SUPPLIED DATA -
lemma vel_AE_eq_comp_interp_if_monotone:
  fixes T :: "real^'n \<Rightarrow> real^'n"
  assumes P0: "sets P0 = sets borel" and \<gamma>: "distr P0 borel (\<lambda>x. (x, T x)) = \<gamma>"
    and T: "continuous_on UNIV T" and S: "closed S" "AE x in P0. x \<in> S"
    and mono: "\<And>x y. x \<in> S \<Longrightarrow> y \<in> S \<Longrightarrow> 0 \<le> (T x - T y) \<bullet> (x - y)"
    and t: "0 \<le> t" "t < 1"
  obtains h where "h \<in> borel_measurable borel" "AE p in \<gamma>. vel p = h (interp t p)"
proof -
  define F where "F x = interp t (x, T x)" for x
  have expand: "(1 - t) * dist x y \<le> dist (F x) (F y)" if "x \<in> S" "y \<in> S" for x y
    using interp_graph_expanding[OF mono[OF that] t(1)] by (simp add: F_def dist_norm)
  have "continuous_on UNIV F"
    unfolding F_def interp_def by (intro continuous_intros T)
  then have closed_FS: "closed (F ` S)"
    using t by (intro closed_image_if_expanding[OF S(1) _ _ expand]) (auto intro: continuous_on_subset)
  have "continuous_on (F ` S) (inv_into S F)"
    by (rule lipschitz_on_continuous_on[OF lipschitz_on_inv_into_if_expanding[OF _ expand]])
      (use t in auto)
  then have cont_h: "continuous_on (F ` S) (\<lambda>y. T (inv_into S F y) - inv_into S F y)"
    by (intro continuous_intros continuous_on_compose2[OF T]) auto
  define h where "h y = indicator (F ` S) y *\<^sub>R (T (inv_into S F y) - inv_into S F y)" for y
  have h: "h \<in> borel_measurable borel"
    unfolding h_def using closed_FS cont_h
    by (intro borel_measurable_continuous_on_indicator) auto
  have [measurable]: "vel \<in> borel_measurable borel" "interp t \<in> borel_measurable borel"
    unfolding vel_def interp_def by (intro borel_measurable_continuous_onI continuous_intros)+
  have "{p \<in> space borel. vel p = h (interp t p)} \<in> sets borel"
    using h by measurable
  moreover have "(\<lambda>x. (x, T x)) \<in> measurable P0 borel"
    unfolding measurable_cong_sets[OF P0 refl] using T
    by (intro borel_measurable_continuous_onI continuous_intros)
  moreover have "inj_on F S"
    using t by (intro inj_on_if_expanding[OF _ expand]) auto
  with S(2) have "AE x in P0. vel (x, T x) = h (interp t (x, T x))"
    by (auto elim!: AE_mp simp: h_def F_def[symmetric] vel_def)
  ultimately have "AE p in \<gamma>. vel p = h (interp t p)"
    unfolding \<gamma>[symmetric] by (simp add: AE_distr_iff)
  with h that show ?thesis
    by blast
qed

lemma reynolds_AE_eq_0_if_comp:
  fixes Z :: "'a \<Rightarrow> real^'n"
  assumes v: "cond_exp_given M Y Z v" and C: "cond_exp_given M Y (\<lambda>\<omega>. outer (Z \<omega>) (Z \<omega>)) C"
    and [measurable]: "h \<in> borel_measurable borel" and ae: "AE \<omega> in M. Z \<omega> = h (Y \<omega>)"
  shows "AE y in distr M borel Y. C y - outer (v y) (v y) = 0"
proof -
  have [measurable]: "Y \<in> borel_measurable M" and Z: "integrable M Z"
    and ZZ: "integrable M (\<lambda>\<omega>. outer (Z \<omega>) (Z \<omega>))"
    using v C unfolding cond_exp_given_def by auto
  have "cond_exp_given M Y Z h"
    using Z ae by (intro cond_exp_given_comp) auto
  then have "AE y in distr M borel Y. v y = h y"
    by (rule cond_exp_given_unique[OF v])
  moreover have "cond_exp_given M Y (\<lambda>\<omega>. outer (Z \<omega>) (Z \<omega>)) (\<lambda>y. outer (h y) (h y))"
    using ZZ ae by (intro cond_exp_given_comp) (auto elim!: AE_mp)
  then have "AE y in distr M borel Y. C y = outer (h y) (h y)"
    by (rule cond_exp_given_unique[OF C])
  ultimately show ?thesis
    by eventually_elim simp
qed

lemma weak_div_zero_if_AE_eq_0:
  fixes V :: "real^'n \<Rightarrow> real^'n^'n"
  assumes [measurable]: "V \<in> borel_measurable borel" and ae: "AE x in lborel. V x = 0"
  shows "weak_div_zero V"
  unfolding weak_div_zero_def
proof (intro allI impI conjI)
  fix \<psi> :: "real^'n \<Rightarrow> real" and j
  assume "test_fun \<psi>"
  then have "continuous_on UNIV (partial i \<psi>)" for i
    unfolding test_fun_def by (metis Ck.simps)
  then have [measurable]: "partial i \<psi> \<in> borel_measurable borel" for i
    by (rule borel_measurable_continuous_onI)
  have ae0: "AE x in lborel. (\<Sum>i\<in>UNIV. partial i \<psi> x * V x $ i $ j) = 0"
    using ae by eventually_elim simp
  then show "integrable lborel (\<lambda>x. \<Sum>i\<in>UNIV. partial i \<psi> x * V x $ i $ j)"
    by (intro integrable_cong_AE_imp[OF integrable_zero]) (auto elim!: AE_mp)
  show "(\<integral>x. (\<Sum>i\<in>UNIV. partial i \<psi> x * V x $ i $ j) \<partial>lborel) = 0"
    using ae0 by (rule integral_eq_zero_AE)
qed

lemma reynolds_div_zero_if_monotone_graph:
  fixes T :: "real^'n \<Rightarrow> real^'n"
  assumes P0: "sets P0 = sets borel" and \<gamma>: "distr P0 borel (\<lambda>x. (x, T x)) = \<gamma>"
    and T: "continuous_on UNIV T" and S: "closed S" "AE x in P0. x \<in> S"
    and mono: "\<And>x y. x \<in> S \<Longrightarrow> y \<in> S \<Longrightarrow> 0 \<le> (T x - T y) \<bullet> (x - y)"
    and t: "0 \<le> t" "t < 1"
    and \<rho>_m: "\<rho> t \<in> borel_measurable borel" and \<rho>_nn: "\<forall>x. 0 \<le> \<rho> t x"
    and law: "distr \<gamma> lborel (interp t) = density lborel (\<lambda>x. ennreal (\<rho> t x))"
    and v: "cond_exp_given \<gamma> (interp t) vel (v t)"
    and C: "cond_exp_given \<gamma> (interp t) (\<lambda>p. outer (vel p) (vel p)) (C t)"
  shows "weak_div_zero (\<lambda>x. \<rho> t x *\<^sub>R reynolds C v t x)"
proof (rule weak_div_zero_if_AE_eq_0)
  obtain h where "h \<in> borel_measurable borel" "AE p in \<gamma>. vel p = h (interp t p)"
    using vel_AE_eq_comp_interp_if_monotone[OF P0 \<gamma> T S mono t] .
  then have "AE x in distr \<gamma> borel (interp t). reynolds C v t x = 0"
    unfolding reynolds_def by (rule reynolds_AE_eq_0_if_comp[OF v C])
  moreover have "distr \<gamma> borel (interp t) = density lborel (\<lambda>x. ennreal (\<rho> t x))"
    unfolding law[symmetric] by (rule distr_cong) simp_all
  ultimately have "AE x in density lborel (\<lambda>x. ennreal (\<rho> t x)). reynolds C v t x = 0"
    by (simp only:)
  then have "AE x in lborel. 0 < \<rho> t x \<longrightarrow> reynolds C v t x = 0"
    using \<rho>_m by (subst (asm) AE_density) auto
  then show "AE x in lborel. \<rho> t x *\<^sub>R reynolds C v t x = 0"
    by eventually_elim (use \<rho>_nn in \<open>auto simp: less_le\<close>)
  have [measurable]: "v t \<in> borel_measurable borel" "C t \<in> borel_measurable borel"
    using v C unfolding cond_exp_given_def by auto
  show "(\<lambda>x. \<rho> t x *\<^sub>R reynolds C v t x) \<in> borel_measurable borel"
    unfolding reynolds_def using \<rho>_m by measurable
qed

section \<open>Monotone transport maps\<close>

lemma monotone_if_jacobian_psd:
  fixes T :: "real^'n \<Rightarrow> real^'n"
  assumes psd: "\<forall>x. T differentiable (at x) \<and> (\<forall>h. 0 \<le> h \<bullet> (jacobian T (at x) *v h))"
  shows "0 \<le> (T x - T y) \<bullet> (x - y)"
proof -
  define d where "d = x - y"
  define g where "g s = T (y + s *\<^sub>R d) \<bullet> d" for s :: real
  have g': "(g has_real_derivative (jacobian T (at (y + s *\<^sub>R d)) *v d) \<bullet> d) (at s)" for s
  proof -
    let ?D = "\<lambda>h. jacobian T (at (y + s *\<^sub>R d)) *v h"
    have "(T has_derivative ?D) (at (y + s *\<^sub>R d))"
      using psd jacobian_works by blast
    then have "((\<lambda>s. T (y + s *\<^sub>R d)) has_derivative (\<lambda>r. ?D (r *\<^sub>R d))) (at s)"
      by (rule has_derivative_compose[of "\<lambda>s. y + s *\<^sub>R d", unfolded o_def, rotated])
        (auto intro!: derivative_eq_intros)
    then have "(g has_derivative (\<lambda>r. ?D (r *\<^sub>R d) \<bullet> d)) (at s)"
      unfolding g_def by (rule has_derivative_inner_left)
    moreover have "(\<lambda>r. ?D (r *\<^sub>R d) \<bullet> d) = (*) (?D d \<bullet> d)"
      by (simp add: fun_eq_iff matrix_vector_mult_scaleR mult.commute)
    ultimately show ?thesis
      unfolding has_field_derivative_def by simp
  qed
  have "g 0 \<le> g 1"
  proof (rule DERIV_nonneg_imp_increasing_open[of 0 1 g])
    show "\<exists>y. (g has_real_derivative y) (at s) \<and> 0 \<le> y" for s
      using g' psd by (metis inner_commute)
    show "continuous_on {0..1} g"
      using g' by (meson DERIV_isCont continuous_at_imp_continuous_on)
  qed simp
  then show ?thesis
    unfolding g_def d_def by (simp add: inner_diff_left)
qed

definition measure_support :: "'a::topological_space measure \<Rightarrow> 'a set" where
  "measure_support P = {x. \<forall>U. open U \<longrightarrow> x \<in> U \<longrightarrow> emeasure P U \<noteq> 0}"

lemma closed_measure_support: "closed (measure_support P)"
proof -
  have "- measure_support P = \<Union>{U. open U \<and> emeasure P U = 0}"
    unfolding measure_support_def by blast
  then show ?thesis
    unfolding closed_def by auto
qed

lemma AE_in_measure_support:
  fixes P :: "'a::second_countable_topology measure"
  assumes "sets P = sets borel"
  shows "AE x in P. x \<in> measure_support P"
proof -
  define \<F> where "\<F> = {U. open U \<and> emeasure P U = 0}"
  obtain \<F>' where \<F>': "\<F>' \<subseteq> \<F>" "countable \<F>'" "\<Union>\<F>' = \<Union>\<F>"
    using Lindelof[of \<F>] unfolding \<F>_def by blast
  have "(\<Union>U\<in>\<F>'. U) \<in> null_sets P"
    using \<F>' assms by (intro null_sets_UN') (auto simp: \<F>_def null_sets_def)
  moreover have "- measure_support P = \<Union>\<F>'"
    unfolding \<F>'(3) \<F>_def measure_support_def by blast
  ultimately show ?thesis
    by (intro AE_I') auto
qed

ASSIGNMENT - In the records above, find the lines holding "lborel". Copy each one.

FINAL ANSWER -
  assumes [measurable]: "V \<in> borel_measurable borel" and ae: "AE x in lborel. V x = 0"
  have ae0: "AE x in lborel. (\<Sum>i\<in>UNIV. partial i \<psi> x * V x $ i $ j) = 0"
  then show "integrable lborel (\<lambda>x. \<Sum>i\<in>UNIV. partial i \<psi> x * V x $ i $ j)"
  show "(\<integral>x. (\<Sum>i\<in>UNIV. partial i \<psi> x * V x $ i $ j) \<partial>lborel) = 0"
    and law: "distr \<gamma> lborel (interp t) = density lborel (\<lambda>x. ennreal (\<rho> t x))"
  moreover have "distr \<gamma> borel (interp t) = density lborel (\<lambda>x. ennreal (\<rho> t x))"
  ultimately have "AE x in density lborel (\<lambda>x. ennreal (\<rho> t x)). reynolds C v t x = 0"
  then have "AE x in lborel. 0 < \<rho> t x \<longrightarrow> reynolds C v t x = 0"
  then show "AE x in lborel. \<rho> t x *\<^sub>R reynolds C v t x = 0"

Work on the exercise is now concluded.